◆ What you need to do
Your task is to repeat, word for word, the line containing "lam * ip m e v)" and all lines that follow it to the end of the material, and no other lines.

++++++++++++++++++++

(* Assume the standing assumptions in the context. Let $S\subseteq S^*$, $i\in[d]\setminus S$, $n\ge2$, and let $\beta\in\mathbb{R}^d$ be deterministic with $\mathrm{supp}(\beta)\subseteq S$ and $\|\beta\|_2\le 2/\sqrt\rho$. Let $(X_j,Y_j)_{j\in[n]}$ be i.i.d. copies of $(x,y)$, $U_j=|X_{j,i}(X_j^\top\beta-Y_j)|$, and $\tilde V_{i,n}=\frac{1}{n(n-1)}\sum_{1\le l<j\le n}(U_j-U_l)^2$. Then $$\mathbb{E}[\tilde V_{i,n}]\le 20\frac{LM^2}{\rho}.$$
   Context: Standing assumptions: $(x,y)$ random with $x\in\mathbb{R}^d$, $y\in\mathbb{R}$; $\mathbb{E}[x]=0$; $y=\langle\beta^*,x\rangle+\epsilon$ with $\mathbb{E}[\epsilon\mid x]=0$; $S^*=\mathrm{supp}(\beta^* )$, $s^*=|S^*|$; $\Sigma$ the covariance of $x$, $\Sigma_F$ its principal submatrix on $F$; there are $0<\rho\le L$ with all eigenvalues of $\Sigma_F$ in $[\rho,L]$ for all $|F|=s^*$; $|y|<1$ and $\|x\|_\infty<M$ almost surely. $X_{j,i}$ is the $i$-th coordinate of $X_j$. *)

theory Defs
  imports "HOL-Probability.Probability" "Jordan_Normal_Form.Char_Poly"
begin

text \<open>Vectors of R^d are represented as functions nat => real; only coordinates k < d matter.\<close>

definition supp :: "nat \<Rightarrow> (nat \<Rightarrow> real) \<Rightarrow> nat set" where
  "supp d b = {k. k < d \<and> b k \<noteq> 0}"

definition ip :: "nat \<Rightarrow> (nat \<Rightarrow> real) \<Rightarrow> (nat \<Rightarrow> real) \<Rightarrow> real" where
  "ip d b v = (\<Sum>k<d. b k * v k)"

definition norm2 :: "nat \<Rightarrow> (nat \<Rightarrow> real) \<Rightarrow> real" where
  "norm2 d b = sqrt (\<Sum>k<d. (b k)\<^sup>2)"

definition obs_space :: "nat \<Rightarrow> ((nat \<Rightarrow> real) \<times> real) measure" where
  "obs_space d = (PiM {..<d} (\<lambda>_. borel)) \<Otimes>\<^sub>M borel"

definition sigma_x :: "nat \<Rightarrow> ((nat \<Rightarrow> real) \<times> real) measure \<Rightarrow> ((nat \<Rightarrow> real) \<times> real) measure" where
  "sigma_x d D = vimage_algebra (space D) fst (PiM {..<d} (\<lambda>_. borel))"

text \<open>Covariance matrix of x (x is centred), entries Sigma_{a,b} = E[x_a x_b].\<close>
definition Cov :: "((nat \<Rightarrow> real) \<times> real) measure \<Rightarrow> nat \<Rightarrow> nat \<Rightarrow> real" where
  "Cov D a b = (\<integral>z. fst z a * fst z b \<partial>D)"

definition Cov_sub :: "((nat \<Rightarrow> real) \<times> real) measure \<Rightarrow> nat set \<Rightarrow> real mat" where
  "Cov_sub D F = (let es = sorted_list_of_set F in
     mat (card F) (card F) (\<lambda>(a, b). Cov D (es ! a) (es ! b)))"

text \<open>U_j for a sample omega (omega j = (X_j, Y_j)).\<close>
definition Ustat :: "nat \<Rightarrow> nat \<Rightarrow> (nat \<Rightarrow> real) \<Rightarrow> (nat \<Rightarrow> (nat \<Rightarrow> real) \<times> real) \<Rightarrow> nat \<Rightarrow> real" where
  "Ustat d i b \<omega> j = \<bar>fst (\<omega> j) i * (ip d b (fst (\<omega> j)) - snd (\<omega> j))\<bar>"

definition Vtilde :: "nat \<Rightarrow> nat \<Rightarrow> nat \<Rightarrow> (nat \<Rightarrow> real) \<Rightarrow> (nat \<Rightarrow> (nat \<Rightarrow> real) \<times> real) \<Rightarrow> real" where
  "Vtilde n d i b \<omega> = 1 / (real n * (real n - 1)) *
     (\<Sum>j<n. \<Sum>l<j. (Ustat d i b \<omega> j - Ustat d i b \<omega> l)\<^sup>2)"

end

theory Submission
  imports Defs
begin

(* The U_j are i.i.d., so E[(U_j - U_l)^2] <= 4 E[U^2] and hence E[Vtilde] <= 2 E[U^2].
   Since |x_i| < M and |y| < 1, E[U^2] <= M^2 (2 E[<beta,x>^2] + 2), and
   E[<beta,x>^2] = beta^T Sigma_F beta <= L |beta|^2 <= 4 L / rho, where F = supp beta* contains
   supp beta and L bounds the eigenvalues of Sigma_F.  Together with rho <= L this gives
   E[Vtilde] <= 2 M^2 (8 L / rho + 2) <= 20 L M^2 / rho.
   The Rayleigh bound beta^T Sigma_F beta <= L |beta|^2 comes from maximising the quadratic form
   on the (compact) unit sphere: a maximiser is an eigenvector for the maximal value. *)

section \<open>Quadratic forms and eigenvalues\<close>

definition mat_vec :: "nat \<Rightarrow> (nat \<Rightarrow> nat \<Rightarrow> real) \<Rightarrow> (nat \<Rightarrow> real) \<Rightarrow> nat \<Rightarrow> real" where
  "mat_vec m A v a = (\<Sum>b<m. A a b * v b)"

lemma ip_self_nonneg: "0 \<le> ip m u u"
  unfolding ip_def by (auto intro: sum_nonneg)

lemma ip_self_eq_0_iff: "ip m u u = 0 \<longleftrightarrow> (\<forall>a<m. u a = 0)"
  unfolding ip_def by (subst sum_nonneg_eq_0_iff) auto

lemma square_le_ip_self: "a < m \<Longrightarrow> (u a)\<^sup>2 \<le> ip m u u"
  unfolding ip_def power2_eq_square by (rule member_le_sum) auto

lemma ip_unit_left: "a < m \<Longrightarrow> ip m (\<lambda>k. if k = a then 1 else 0) v = v a"
  unfolding ip_def by (simp add: if_distrib[of "\<lambda>x. x * _"] cong: if_cong)

lemma ip_scale: "ip m (\<lambda>k. c * u k) (\<lambda>k. c * v k) = c\<^sup>2 * ip m u v"
  unfolding ip_def by (simp add: sum_distrib_left algebra_simps power2_eq_square)

lemma mat_vec_scale: "mat_vec m A (\<lambda>k. c * v k) = (\<lambda>a. c * mat_vec m A v a)"
  unfolding mat_vec_def by (simp add: sum_distrib_left algebra_simps)

lemma ip_add_scaled:
  "ip m (\<lambda>k. v k + t * u k) (\<lambda>k. v k + t * u k) = ip m v v + 2 * t * ip m u v + t\<^sup>2 * ip m u u"
  unfolding ip_def by (simp add: algebra_simps power2_eq_square sum.distrib sum_distrib_left)

lemma ip_mat_vec_commute:
  assumes "\<And>a b. a < m \<Longrightarrow> b < m \<Longrightarrow> A a b = A b a"
  shows "ip m u (mat_vec m A v) = ip m v (mat_vec m A u)"
  unfolding ip_def mat_vec_def sum_distrib_left
  by (subst sum.swap) (auto intro!: sum.cong simp: assms mult.commute mult.left_commute)

lemma quadratic_form_add_scaled:
  assumes "\<And>a b. a < m \<Longrightarrow> b < m \<Longrightarrow> A a b = A b a"
  shows "ip m (\<lambda>k. v k + t * u k) (mat_vec m A (\<lambda>k. v k + t * u k)) =
    ip m v (mat_vec m A v) + 2 * t * ip m u (mat_vec m A v) + t\<^sup>2 * ip m u (mat_vec m A u)"
proof -
  have "ip m (\<lambda>k. v k + t * u k) (mat_vec m A (\<lambda>k. v k + t * u k)) =
    ip m v (mat_vec m A v) + t * ip m u (mat_vec m A v) + t * ip m v (mat_vec m A u)
      + t\<^sup>2 * ip m u (mat_vec m A u)"
    unfolding ip_def mat_vec_def
    by (simp add: algebra_simps power2_eq_square sum.distrib sum_distrib_left)
  then show ?thesis
    using ip_mat_vec_commute[OF assms, where u = v and v = u] by simp
qed

lemma linear_coeff_eq_0_if_quadratic_nonpos:
  fixes c e :: real
  assumes "\<And>t. 2 * t * c + t\<^sup>2 * e \<le> 0"
  shows "c = 0"
proof -
  define t where "t = c / (\<bar>e\<bar> + 1)"
  have c: "c = t * (\<bar>e\<bar> + 1)"
    unfolding t_def by (simp add: add_pos_nonneg)
  have "t\<^sup>2 * (2 * (\<bar>e\<bar> + 1) + e) = 2 * t * c + t\<^sup>2 * e"
    unfolding c by (simp add: algebra_simps power2_eq_square)
  also have "\<dots> \<le> 0"
    by (rule assms)
  finally have "t\<^sup>2 * (2 * (\<bar>e\<bar> + 1) + e) \<le> 0" .
  moreover have "0 < 2 * (\<bar>e\<bar> + 1) + e"
    by (cases "0 \<le> e") auto
  ultimately have "t\<^sup>2 \<le> 0"
    by (simp add: mult_le_0_iff)
  then show ?thesis
    using c by simp
qed

lemma quadratic_form_attains_max_ratio:
  assumes "0 < m"
  obtains v0 where "ip m v0 v0 = 1"
    and "\<And>u. ip m u (mat_vec m A u) \<le> ip m v0 (mat_vec m A v0) * ip m u u"
proof -
  let ?q = "\<lambda>v. ip m v (mat_vec m A v)"
  \<comment> \<open>Pinning the coordinates beyond m to 0 makes the unit sphere compact in nat \<Rightarrow> real.\<close>
  define B where "B = (\<lambda>k::nat. if k < m then {-1..1::real} else {0})"
  define K where "K = Pi UNIV B \<inter> {v. ip m v v = 1}"
  have "compactin (product_topology (\<lambda>_. euclidean) UNIV) (PiE UNIV B)"
    by (subst compactin_PiE) (auto simp: B_def)
  then have "compact (Pi UNIV B)"
    by (simp add: euclidean_product_topology PiE_UNIV_domain)
  moreover have "continuous_on UNIV (\<lambda>v::nat \<Rightarrow> real. ip m v v)"
    unfolding ip_def
    by (intro continuous_intros continuous_on_product_then_coordinatewise continuous_on_id)
  then have "closed {v::nat \<Rightarrow> real. ip m v v = 1}"
    by (intro closed_Collect_eq) (auto intro: continuous_intros)
  ultimately have "compact K"
    unfolding K_def using compact_Int_closed by blast
  moreover have "(\<lambda>k. if k = 0 then 1 else 0) \<in> K"
    using assms ip_unit_left[of 0 m] by (auto simp: K_def B_def)
  then have "K \<noteq> {}"
    by blast
  moreover have "continuous_on K ?q"
    unfolding ip_def mat_vec_def
    by (intro continuous_intros continuous_on_product_then_coordinatewise continuous_on_id)
  ultimately obtain v0 where v0: "v0 \<in> K" and v0_max: "\<And>v. v \<in> K \<Longrightarrow> ?q v \<le> ?q v0"
    using continuous_attains_sup[of K ?q] by blast
  have "?q u \<le> ?q v0 * ip m u u" for u
  proof (cases "ip m u u = 0")
    case True
    then have "\<forall>a<m. u a = 0"
      by (simp add: ip_self_eq_0_iff)
    then have "?q u = 0"
      by (simp add: ip_def)
    then show ?thesis
      using True by simp
  next
    case False
    then have pos: "0 < ip m u u"
      using ip_self_nonneg[of m u] by simp
    define c where "c = 1 / sqrt (ip m u u)"
    define u' where "u' = (\<lambda>k. if k < m then c * u k else 0)"
    have u': "ip m u' w = ip m (\<lambda>k. c * u k) w" "mat_vec m A u' = mat_vec m A (\<lambda>k. c * u k)" for w
      unfolding ip_def mat_vec_def u'_def by simp_all
    have c2: "c\<^sup>2 = 1 / ip m u u"
      using pos by (simp add: c_def power_divide)
    have "ip m u' u' = ip m (\<lambda>k. c * u k) (\<lambda>k. c * u k)"
      unfolding ip_def u'_def by simp
    then have norm_u': "ip m u' u' = 1"
      using pos by (simp add: ip_scale c2)
    have "u' \<in> K"
    proof -
      have "\<bar>u' k\<bar> \<le> 1" if "k < m" for k
        using square_le_ip_self[OF that, of u'] norm_u' by (simp add: abs_square_le_1)
      then show ?thesis
        using norm_u' by (auto simp: K_def B_def u'_def abs_le_iff)
    qed
    then have "?q u' \<le> ?q v0"
      by (rule v0_max)
    moreover have "?q u' = ?q u / ip m u u"
      by (simp add: u' mat_vec_scale ip_scale c2)
    ultimately show ?thesis
      using pos by (simp add: divide_le_eq)
  qed
  moreover have "ip m v0 v0 = 1"
    using v0 by (simp add: K_def)
  ultimately show thesis
    using that by blast
qed

lemma quadratic_form_maximiser_is_eigenvector:
  assumes sym: "\<And>a b. a < m \<Longrightarrow> b < m \<Longrightarrow> A a b = A b a"
    and le: "\<And>u. ip m u (mat_vec m A u) \<le> lam * ip m u u"
    and eq: "ip m v (mat_vec m A v) = lam * ip m v v"
    and a: "a < m"
  shows "mat_vec m A v a = lam * v a"
proof -
  define e where "e = (\<lambda>k. if k = a then 1 else 0 :: real)"
  have "2 * t * (ip m e (mat_vec m A v) - lam * ip m e v)
      + t\<^sup>2 * (ip m e (mat_vec m A e) - lam * ip m e e) \<le> 0" for t
  proof -
    have "ip m (\<lambda>k. v k + t * e k) (mat_vec m A (\<lambda>k. v k + t * e k))
        \<le> lam * ip m (\<lambda>k. v k + t * e k) (\<lambda>k. v k + t * e k)"
      by (rule le)
    then show ?thesis
      using eq by (simp add: quadratic_form_add_scaled[OF sym] ip_add_scaled algebra_simps)
  qed
  then have "ip m e (mat_vec m A v) - lam * ip m e v = 0"
    by (rule linear_coeff_eq_0_if_quadratic_nonpos)
  then show ?thesis
    using a by (simp add: e_def ip_unit_left)
qed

++++++++++++++++++++

◆ Task output
  have "2 * t * (ip m e (mat_vec m A v) - lam * ip m e v)
      + t\<^sup>2 * (ip m e (mat_vec m A e) - lam * ip m e e) \<le> 0" for t
  proof -
    have "ip m (\<lambda>k. v k + t * e k) (mat_vec m A (\<lambda>k. v k + t * e k))
        \<le> lam * ip m (\<lambda>k. v k + t * e k) (\<lambda>k. v k + t * e k)"
      by (rule le)
    then show ?thesis
      using eq by (simp add: quadratic_form_add_scaled[OF sym] ip_add_scaled algebra_simps)
  qed
  then have "ip m e (mat_vec m A v) - lam * ip m e v = 0"
    by (rule linear_coeff_eq_0_if_quadratic_nonpos)
  then show ?thesis
    using a by (simp add: e_def ip_unit_left)
qed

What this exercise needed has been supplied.